I submitted my PRP ON THE 06 February 2018. Two years down the line, Today I got my outcome (21 January 2020) my application is rejected with the following reason.

" YOUR APPLICATION DID NOT CONTAIN ALL THE PRESCRIBED REQUIREMENTS. YOU FAILED TO SUBMIT PROOF OF 5 YEARS SPOUSAL RELATIONSHIP WITH YOUR PURPORTED SPOUSE AND PROOF OF COHABITATION AND SHARED FINANCIAL RESPONSIBILITIES IN THE FORM OF MUNICIPAL ACCOUNT OR ANY OTHER DOCUMENTARY PROOF REFLECTING YOUR NAMES AND YOUR SOUTH AFRICAN LIFE PARTNER. THE EXTENTS TO WHICH RELATED FINANCIAL RESPONSIBILITIES ARE SHARED BY THE PARTIES ARE NOT DEFINED . YOU THEREFORE DO NOT QUALIFY FOR PERMANENT RESIDENCE IN TERMS OF SECTION 26(b) OF THE IMMIGRATION ACT"

I submitted all the required documents with my application and these include:
- Our bank statements
- Notarial AGREEMENT showing that we have been together for more that ten years with a declaration signed by both of us stating that we are supporting each other and our children; financially, emotionally and physically. We are still together wit my partner and i need advise on how we can prove that we are together please advise.


----------



## Aristote (Jan 21, 2020)

*Prp rejection*

Guys please assist me if you can.


----------



## jollem (Nov 9, 2016)

I think what you might have missed is the proof of shared financial responsibility. If you are the only one who works and is therefore responsible for the financial responsibility you say so. But you need some proof of financial support for her e.g. if you have a policy in which she is the beneficiary.

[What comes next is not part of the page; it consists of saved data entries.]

(* Let ${\sf r}$ be an admissible reflection coefficient and $x\in\mathbb R$. If $Y(\lambda,x)$ and $\widetilde Y(\lambda,x)$ both solve RHP 1, then $\widetilde Y=Y$ or $\widetilde Y=-Y$.
   Context: Fix real $J_1<J_2<J_3$; $\rho=\tfrac12\sqrt{J_3-J_1}$, $k=\sqrt{(J_2-J_1)/(J_3-J_1)}$, $K=K(k)$, $K'=K(\sqrt{1-k^2})$. $w_3(\lambda)=\rho\,\mathrm{cn}(\lambda,k)/\mathrm{sn}(\lambda,k)$; torus $\mathbb T^2=\mathbb C/(4K\mathbb Z+4\mathrm iK'\mathbb Z)$; $\sigma_j$ Pauli matrices; $\Gamma_1=\{\Im\lambda=0\}$, $\Gamma_2=\{\Im\lambda=2K'\}$, $\Omega_+=\{0\le\Im\lambda\le2K',|\Re\lambda|\le2K\}$, $\Omega_-=\{-2K'\le\Im\lambda\le0,|\Re\lambda|\le2K\}$. Admissible reflection coefficient: ${\sf r}\in C^\infty(\Gamma_1\cup\Gamma_2)$ with ${\sf r}(\lambda+2K)=-{\sf r}(\lambda)$, ${\sf r}(\lambda+2\mathrm iK')=-\overline{{\sf r}(\bar\lambda)}$, ${\sf r}(0)=0$, and ${\sf r}^{(n)}(\lambda)=O(\lambda^m)$ as $\lambda\to0$ for all $n,m$. RHP 1: $Y(\lambda,x)$ is a bounded $2\times2$ matrix function analytic on $\mathbb T^2\setminus(\Gamma_1\cup\Gamma_2)$ with boundary values $Y_\pm$ from $\Omega_\pm$ satisfying $Y_+=Y_-G$ on $\Gamma_1\cup\Gamma_2$, $G=\begin{pmatrix}1+|{\sf r}|^2&\overline{\sf r}e^{-2\mathrm ixw_3}\\ {\sf r}e^{2\mathrm ixw_3}&1\end{pmatrix}$; $\sigma_3Y(\lambda+2K)\sigma_3=Y(\lambda)$, $\sigma_1Y(\lambda+2\mathrm iK')\sigma_1=Y(\lambda)$; $\det Y\equiv1$. *)

theory Defs
  imports "HOL-Analysis.Analysis"
begin

definition ellF :: "real \<Rightarrow> real \<Rightarrow> real" where
  "ellF k \<phi> = (if 0 \<le> \<phi> then integral {0..\<phi>} (\<lambda>\<theta>. 1 / sqrt (1 - k\<^sup>2 * (sin \<theta>)\<^sup>2))
                else - integral {\<phi>..0} (\<lambda>\<theta>. 1 / sqrt (1 - k\<^sup>2 * (sin \<theta>)\<^sup>2)))"

definition ellK :: "real \<Rightarrow> real" where
  "ellK k = ellF k (pi / 2)"

definition jam :: "real \<Rightarrow> real \<Rightarrow> real" where
  "jam k u = (THE \<phi>. ellF k \<phi> = u)"

definition rsn :: "real \<Rightarrow> real \<Rightarrow> real" where "rsn k u = sin (jam k u)"
definition rcn :: "real \<Rightarrow> real \<Rightarrow> real" where "rcn k u = cos (jam k u)"
definition rdn :: "real \<Rightarrow> real \<Rightarrow> real" where "rdn k u = sqrt (1 - k\<^sup>2 * (rsn k u)\<^sup>2)"

text \<open>Extension to complex arguments u + i v via the classical addition formulas
  combined with Jacobi's imaginary transformation (complementary modulus k' = sqrt(1-k^2)).\<close>
definition jac_den :: "real \<Rightarrow> complex \<Rightarrow> real" where
  "jac_den k z = (let k' = sqrt (1 - k\<^sup>2); u = Re z; v = Im z in
     (rcn k' v)\<^sup>2 + k\<^sup>2 * (rsn k u)\<^sup>2 * (rsn k' v)\<^sup>2)"

definition jsn :: "real \<Rightarrow> complex \<Rightarrow> complex" where
  "jsn k z = (let k' = sqrt (1 - k\<^sup>2); u = Re z; v = Im z in
     Complex (rsn k u * rdn k' v) (rcn k u * rdn k u * rsn k' v * rcn k' v) / of_real (jac_den k z))"

definition jcn :: "real \<Rightarrow> complex \<Rightarrow> complex" where
  "jcn k z = (let k' = sqrt (1 - k\<^sup>2); u = Re z; v = Im z in
     Complex (rcn k u * rcn k' v) (- (rsn k u * rdn k u * rsn k' v * rdn k' v)) / of_real (jac_den k z))"

definition rho :: "real \<Rightarrow> real \<Rightarrow> real" where "rho J1 J3 = sqrt (J3 - J1) / 2"
definition kmod :: "real \<Rightarrow> real \<Rightarrow> real \<Rightarrow> real" where
  "kmod J1 J2 J3 = sqrt ((J2 - J1) / (J3 - J1))"
definition KK :: "real \<Rightarrow> real \<Rightarrow> real \<Rightarrow> real" where
  "KK J1 J2 J3 = ellK (kmod J1 J2 J3)"
definition KKp :: "real \<Rightarrow> real \<Rightarrow> real \<Rightarrow> real" where
  "KKp J1 J2 J3 = ellK (sqrt (1 - (kmod J1 J2 J3)\<^sup>2))"

definition w3 :: "real \<Rightarrow> real \<Rightarrow> real \<Rightarrow> complex \<Rightarrow> complex" where
  "w3 J1 J2 J3 l = of_real (rho J1 J3) * jcn (kmod J1 J2 J3) l / jsn (kmod J1 J2 J3) l"

text \<open>Lift to C of Gamma_1 \<union> Gamma_2 \<subseteq> T^2 = C/(4K Z + 4iK' Z): the lines Im z \<in> 2K' Z.\<close>
definition Gam :: "real \<Rightarrow> real \<Rightarrow> real \<Rightarrow> complex set" where
  "Gam J1 J2 J3 = {z. \<exists>n::int. Im z = 2 * KKp J1 J2 J3 * of_int n}"

definition vderiv_iter :: "nat \<Rightarrow> (real \<Rightarrow> complex) \<Rightarrow> real \<Rightarrow> complex" where
  "vderiv_iter n f = ((\<lambda>g t. vector_derivative g (at t)) ^^ n) f"

definition smooth_real :: "(real \<Rightarrow> complex) \<Rightarrow> bool" where
  "smooth_real f \<longleftrightarrow> (\<forall>n t. vderiv_iter n f differentiable (at t))"

definition admissible_refl :: "real \<Rightarrow> real \<Rightarrow> real \<Rightarrow> (complex \<Rightarrow> complex) \<Rightarrow> bool" where
  "admissible_refl J1 J2 J3 r \<longleftrightarrow>
     (let K = KK J1 J2 J3; Kp = KKp J1 J2 J3; G = Gam J1 J2 J3 in
       \<comment> \<open>r is a function on the torus (restricted to Gamma_1 \<union> Gamma_2)\<close>
       (\<forall>z\<in>G. r (z + of_real (4 * K)) = r z \<and> r (z + \<i> * of_real (4 * Kp)) = r z) \<and>
       \<comment> \<open>smooth on Gamma_1 and on Gamma_2\<close>
       smooth_real (\<lambda>t. r (of_real t)) \<and>
       smooth_real (\<lambda>t. r (of_real t + \<i> * of_real (2 * Kp))) \<and>
       \<comment> \<open>symmetries\<close>
       (\<forall>z\<in>G. r (z + of_real (2 * K)) = - r z) \<and>
       (\<forall>z\<in>G. r (z + \<i> * of_real (2 * Kp)) = - cnj (r (cnj z))) \<and>
       r 0 = 0 \<and>
       \<comment> \<open>flatness at 0: all derivatives are O(lambda^m) for every m\<close>
       (\<forall>n m. \<exists>C \<delta>. \<delta> > 0 \<and> (\<forall>t. \<bar>t\<bar> < \<delta> \<longrightarrow>
            norm (vderiv_iter n (\<lambda>t. r (of_real t)) t) \<le> C * \<bar>t\<bar> ^ m)))"

definition sigma1 :: "complex^2^2" where "sigma1 = vector [vector [0, 1], vector [1, 0]]"
definition sigma3 :: "complex^2^2" where "sigma3 = vector [vector [1, 0], vector [0, -1]]"

definition jumpG :: "real \<Rightarrow> real \<Rightarrow> real \<Rightarrow> (complex \<Rightarrow> complex) \<Rightarrow> real \<Rightarrow> complex \<Rightarrow> complex^2^2" where
  "jumpG J1 J2 J3 r x l =
     (let e = exp (2 * \<i> * of_real x * w3 J1 J2 J3 l) in
       vector [vector [1 + (cmod (r l))\<^sup>2, cnj (r l) * exp (- 2 * \<i> * of_real x * w3 J1 J2 J3 l)],
               vector [r l * e, 1]])"

text \<open>Y is given on C minus the lifted contour, periodic w.r.t. the torus lattice.
  On a line Im z = 2K'n, the region Omega_+ lies above it for n even and below it for n odd.\<close>
definition RHP1 :: "real \<Rightarrow> real \<Rightarrow> real \<Rightarrow> (complex \<Rightarrow> complex) \<Rightarrow> real \<Rightarrow> (complex \<Rightarrow> complex^2^2) \<Rightarrow> bool" where
  "RHP1 J1 J2 J3 r x Y \<longleftrightarrow>
     (let K = KK J1 J2 J3; Kp = KKp J1 J2 J3; G = Gam J1 J2 J3 in
       (\<forall>i j. (\<lambda>z. Y z $ i $ j) holomorphic_on (- G)) \<and>
       bounded (Y ` (- G)) \<and>
       (\<forall>z. z \<notin> G \<longrightarrow> Y (z + of_real (4 * K)) = Y z \<and> Y (z + \<i> * of_real (4 * Kp)) = Y z) \<and>
       (\<forall>z\<in>G. \<exists>Yp Ym.
           (\<forall>n::int. Im z = 2 * Kp * of_int n \<longrightarrow>
              (even n \<longrightarrow> (Y \<longlongrightarrow> Yp) (at z within {w. Im w > Im z}) \<and>
                           (Y \<longlongrightarrow> Ym) (at z within {w. Im w < Im z})) \<and>
              (odd n \<longrightarrow> (Y \<longlongrightarrow> Yp) (at z within {w. Im w < Im z}) \<and>
                          (Y \<longlongrightarrow> Ym) (at z within {w. Im w > Im z}))) \<and>
           Yp = Ym ** jumpG J1 J2 J3 r x z) \<and>
       (\<forall>z. z \<notin> G \<longrightarrow> sigma3 ** Y (z + of_real (2 * K)) ** sigma3 = Y z) \<and>
       (\<forall>z. z \<notin> G \<longrightarrow> sigma1 ** Y (z + \<i> * of_real (2 * Kp)) ** sigma1 = Y z) \<and>
       (\<forall>z. z \<notin> G \<longrightarrow> det (Y z) = 1))"

end

theory Submission
  imports Defs "HOL-Complex_Analysis.Conformal_Mappings"
begin

(* If Y and Yt both solve RHP 1, then H = Yt adj(Y) has no jump across the contour, because the
   jump matrix has determinant one.  So its one-sided boundary values agree, H extends across the
   horizontal lines to an entire function, and being bounded it is a constant M by Liouville's
   theorem: Yt = M Y.  Both solutions obey the symmetries sigma3 Y(z + 2K) sigma3 = Y(z) and
   sigma1 Y(z + 2iK') sigma1 = Y(z), which forces M to commute with sigma1 and sigma3; hence M is
   scalar, and det M = 1 leaves M = I or M = -I. *)

section \<open>Horizontal lines and Liouville's theorem\<close>

lemma isolated_int_multiples:
  fixes c t :: real
  obtains r where "r > 0" "\<And>n::int. \<bar>c * of_int n - t\<bar> < r \<Longrightarrow> c * of_int n = t"
proof (cases "c = 0")
  case True
  show thesis
    by (rule that[of "if t = 0 then 1 else \<bar>t\<bar>"]) (use True in \<open>auto split: if_splits\<close>)
next
  case False
  define s where "s = t / c"
  have dist_scaled: "\<bar>c * of_int n - t\<bar> = \<bar>c\<bar> * \<bar>of_int n - s\<bar>" for n :: int
    using False by (simp add: s_def abs_mult[symmetric] field_simps)
  obtain r where r: "r > 0" "\<And>n::int. \<bar>of_int n - s\<bar> < r \<Longrightarrow> of_int n = s"
  proof (cases "s = of_int \<lfloor>s\<rfloor>")
    case True
    have "of_int n = s" if "\<bar>of_int n - s\<bar> < 1" for n :: int
    proof -
      have "\<bar>real_of_int n - of_int \<lfloor>s\<rfloor>\<bar> < 1"
        using that True by simp
      then have "n = \<lfloor>s\<rfloor>"
        by linarith
      then show ?thesis
        using True by simp
    qed
    then show thesis
      by (rule that[OF zero_less_one])
  next
    case False
    then have "of_int \<lfloor>s\<rfloor> < s" "s < of_int \<lfloor>s\<rfloor> + 1"
      by linarith+
    moreover have "n \<le> \<lfloor>s\<rfloor> \<or> \<lfloor>s\<rfloor> + 1 \<le> n" for n :: int
      by linarith
    ultimately show thesis
      by (intro that[of "min (s - of_int \<lfloor>s\<rfloor>) (of_int \<lfloor>s\<rfloor> + 1 - s)"])
        (force simp: abs_less_iff)+
  qed
  show thesis
  proof (rule that[of "\<bar>c\<bar> * r"])
    show "\<bar>c\<bar> * r > 0"
      using False r(1) by simp
    fix n :: int
    assume "\<bar>c * of_int n - t\<bar> < \<bar>c\<bar> * r"
    then have "of_int n = s"
      using False r(2) by (simp add: dist_scaled)
    then show "c * of_int n = t"
      using False by (simp add: s_def)
  qed
qed

definition horizontal_lines :: "real \<Rightarrow> complex set" where
  "horizontal_lines c = {z. \<exists>n::int. Im z = c * of_int n}"

lemma horizontal_lines_locally_one_line:
  obtains r where "r > 0" "\<And>w. w \<in> horizontal_lines c \<Longrightarrow> dist w p < r \<Longrightarrow> Im w = Im p"
proof -
  obtain r where r: "r > 0" "\<And>n::int. \<bar>c * of_int n - Im p\<bar> < r \<Longrightarrow> c * of_int n = Im p"
    using isolated_int_multiples[of c "Im p"] by metis
  show thesis
  proof (rule that[OF r(1)])
    fix w assume "w \<in> horizontal_lines c" "dist w p < r"
    moreover obtain n :: int where "Im w = c * of_int n"
      using \<open>w \<in> horizontal_lines c\<close> by (auto simp: horizontal_lines_def)
    moreover have "\<bar>Im w - Im p\<bar> \<le> dist w p"
      by (metis abs_Im_le_cmod dist_norm minus_complex.simps(2))
    ultimately show "Im w = Im p"
      using r(2)[of n] by simp
  qed
qed

lemma horizontal_lines_same_Im:
  "w \<in> horizontal_lines c \<Longrightarrow> Im z = Im w \<Longrightarrow> z \<in> horizontal_lines c"
  by (simp add: horizontal_lines_def)

lemma horizontal_lines_add:
  assumes "w \<in> horizontal_lines c"
  shows "z + w \<in> horizontal_lines c \<longleftrightarrow> z \<in> horizontal_lines c"
proof -
  obtain m :: int where m: "Im w = c * of_int m"
    using assms by (auto simp: horizontal_lines_def)
  have "(\<exists>n::int. Im z + c * of_int m = c * of_int n) \<longleftrightarrow> (\<exists>n::int. Im z = c * of_int n)"
    by (metis (no_types) add_diff_cancel_right' diff_add_cancel of_int_add of_int_diff
        right_diff_distrib distrib_left)
  then show ?thesis
    by (simp add: horizontal_lines_def m)
qed

lemma closure_Compl_horizontal_lines: "closure (- horizontal_lines c) = UNIV"
proof -
  have "p \<in> closure (- horizontal_lines c)" for p
  proof (unfold closure_approachable, intro allI impI)
    fix e :: real assume "e > 0"
    obtain r where r: "r > 0" "\<And>w. w \<in> horizontal_lines c \<Longrightarrow> dist w p < r \<Longrightarrow> Im w = Im p"
      using horizontal_lines_locally_one_line[of c p] by metis
    define w where "w = p + \<i> * of_real (min e r / 2)"
    have "dist w p = min e r / 2" "Im w \<noteq> Im p"
      using \<open>e > 0\<close> \<open>r > 0\<close> by (simp_all add: w_def dist_norm norm_mult)
    then have "w \<notin> horizontal_lines c" "dist w p < e"
      using r \<open>e > 0\<close> by force+
    then show "\<exists>w \<in> - horizontal_lines c. dist w p < e"
      by blast
  qed
  then show ?thesis by auto
qed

On the proof of 5 years relationship is is their mistake as the Notarial Agreement is that proof. 
You need to appeal and in your appeal motivation break down those reason they have given into bullet points and respond to each one individually.


----------



## Aristote (Jan 21, 2020)

*Prp rejection*

Thank you Jollem.


----------